• _Assignment_: Output the records exactly. Include every line.
[[ Records supplied, beginning ]]
(* Let $X,Y$ be $c$-free with respect to $(\varphi,\psi)$ on $\mathbb{C}\langle X,Y\rangle$, let $A,B\in M_N(\mathbb{C})$ and $\mathbf{\Psi}=(I-z(AX+BY))^{-1}=\sum_{n\ge0}z^n(AX+BY)^n$. Define $H_X=\beta^{b,\psi}_X(\mathbf{\Psi})$, $H_Y=\beta^{b,\psi}_Y(\mathbf{\Psi})$, $F_X=\beta^{\delta,\psi}_X(X\mathbf{\Psi})$, $F_Y=\beta^{\delta,\psi}_Y(Y\mathbf{\Psi})$, $F^\varphi_X=\beta^{\delta,\varphi}_X(X\mathbf{\Psi})$, $F^\varphi_Y=\beta^{\delta,\varphi}_Y(Y\mathbf{\Psi})$. Then, as formal power series in $z$ with coefficients in $M_N(\mathbb{C})$, $$H_X=(I-zAF_X)^{-1},\quad H_Y=(I-zBF_Y)^{-1},\quad F_X=\tilde\eta^\psi_X(zH_YA),\quad F_Y=\tilde\eta^\psi_Y(zH_XB),$$ $$F^\varphi_X=\tilde\eta^\varphi_X(zH_YA),\qquad F^\varphi_Y=\tilde\eta^\varphi_Y(zH_XB).$$
   Context: $X,Y$ are $c$-free w.r.t. $(\varphi,\psi)$ (unital functionals on $\mathbb{C}\langle X,Y\rangle$) if $\psi(u_1\cdots u_n)=0$ and $\varphi(u_1\cdots u_n)=\prod\varphi(u_j)$ whenever the $u_j$ alternate between $\mathbb{C}\langle X\rangle$ and $\mathbb{C}\langle Y\rangle$ and $\psi(u_j)=0$. Boolean cumulants $\beta^\theta_n$ of $\theta$: $\theta(a_1\cdots a_n)=\sum_{k}\beta^\theta_k(a_1,\dots,a_k)\theta(a_{k+1}\cdots a_n)$. Block factorization of a monomial $W\neq1$: $W=U_1\cdots U_n$ into nonempty pure-$X$/pure-$Y$ monomials alternating. $\beta^{b,\theta}_X(1)=1$, $\beta^{b,\theta}_X(W)=\beta^\theta_n(U_1,\dots,U_n)$ if $W$ starts and ends with the letter $X$, else $0$; $\beta^{\delta,\theta}_X(1)=1$, $\beta^{\delta,\theta}_X(Z_1\cdots Z_k)=\beta^\theta_k(Z_1,\dots,Z_k)$ if $Z_1=Z_k=X$, else $0$; similarly with $Y$; extended linearly. All functionals are applied entrywise to matrices and coefficientwise to formal power series in $z$. For a matrix-valued formal power series $C$ with zero constant term, $\tilde\eta^\theta_X(C):=\sum_{k\ge1}\beta^\theta_k(X,\dots,X)C^{k-1}$ (similarly for $Y$). *)

theory Defs
  imports "HOL-Analysis.Analysis"
begin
[[ Records supplied, end ]]
• _Written solution_:
(* Let $X,Y$ be $c$-free with respect to $(\varphi,\psi)$ on $\mathbb{C}\langle X,Y\rangle$, let $A,B\in M_N(\mathbb{C})$ and $\mathbf{\Psi}=(I-z(AX+BY))^{-1}=\sum_{n\ge0}z^n(AX+BY)^n$. Define $H_X=\beta^{b,\psi}_X(\mathbf{\Psi})$, $H_Y=\beta^{b,\psi}_Y(\mathbf{\Psi})$, $F_X=\beta^{\delta,\psi}_X(X\mathbf{\Psi})$, $F_Y=\beta^{\delta,\psi}_Y(Y\mathbf{\Psi})$, $F^\varphi_X=\beta^{\delta,\varphi}_X(X\mathbf{\Psi})$, $F^\varphi_Y=\beta^{\delta,\varphi}_Y(Y\mathbf{\Psi})$. Then, as formal power series in $z$ with coefficients in $M_N(\mathbb{C})$, $$H_X=(I-zAF_X)^{-1},\quad H_Y=(I-zBF_Y)^{-1},\quad F_X=\tilde\eta^\psi_X(zH_YA),\quad F_Y=\tilde\eta^\psi_Y(zH_XB),$$ $$F^\varphi_X=\tilde\eta^\varphi_X(zH_YA),\qquad F^\varphi_Y=\tilde\eta^\varphi_Y(zH_XB).$$
   Context: $X,Y$ are $c$-free w.r.t. $(\varphi,\psi)$ (unital functionals on $\mathbb{C}\langle X,Y\rangle$) if $\psi(u_1\cdots u_n)=0$ and $\varphi(u_1\cdots u_n)=\prod\varphi(u_j)$ whenever the $u_j$ alternate between $\mathbb{C}\langle X\rangle$ and $\mathbb{C}\langle Y\rangle$ and $\psi(u_j)=0$. Boolean cumulants $\beta^\theta_n$ of $\theta$: $\theta(a_1\cdots a_n)=\sum_{k}\beta^\theta_k(a_1,\dots,a_k)\theta(a_{k+1}\cdots a_n)$. Block factorization of a monomial $W\neq1$: $W=U_1\cdots U_n$ into nonempty pure-$X$/pure-$Y$ monomials alternating. $\beta^{b,\theta}_X(1)=1$, $\beta^{b,\theta}_X(W)=\beta^\theta_n(U_1,\dots,U_n)$ if $W$ starts and ends with the letter $X$, else $0$; $\beta^{\delta,\theta}_X(1)=1$, $\beta^{\delta,\theta}_X(Z_1\cdots Z_k)=\beta^\theta_k(Z_1,\dots,Z_k)$ if $Z_1=Z_k=X$, else $0$; similarly with $Y$; extended linearly. All functionals are applied entrywise to matrices and coefficientwise to formal power series in $z$. For a matrix-valued formal power series $C$ with zero constant term, $\tilde\eta^\theta_X(C):=\sum_{k\ge1}\beta^\theta_k(X,\dots,X)C^{k-1}$ (similarly for $Y$). *)

theory Defs
  imports "HOL-Analysis.Analysis"
begin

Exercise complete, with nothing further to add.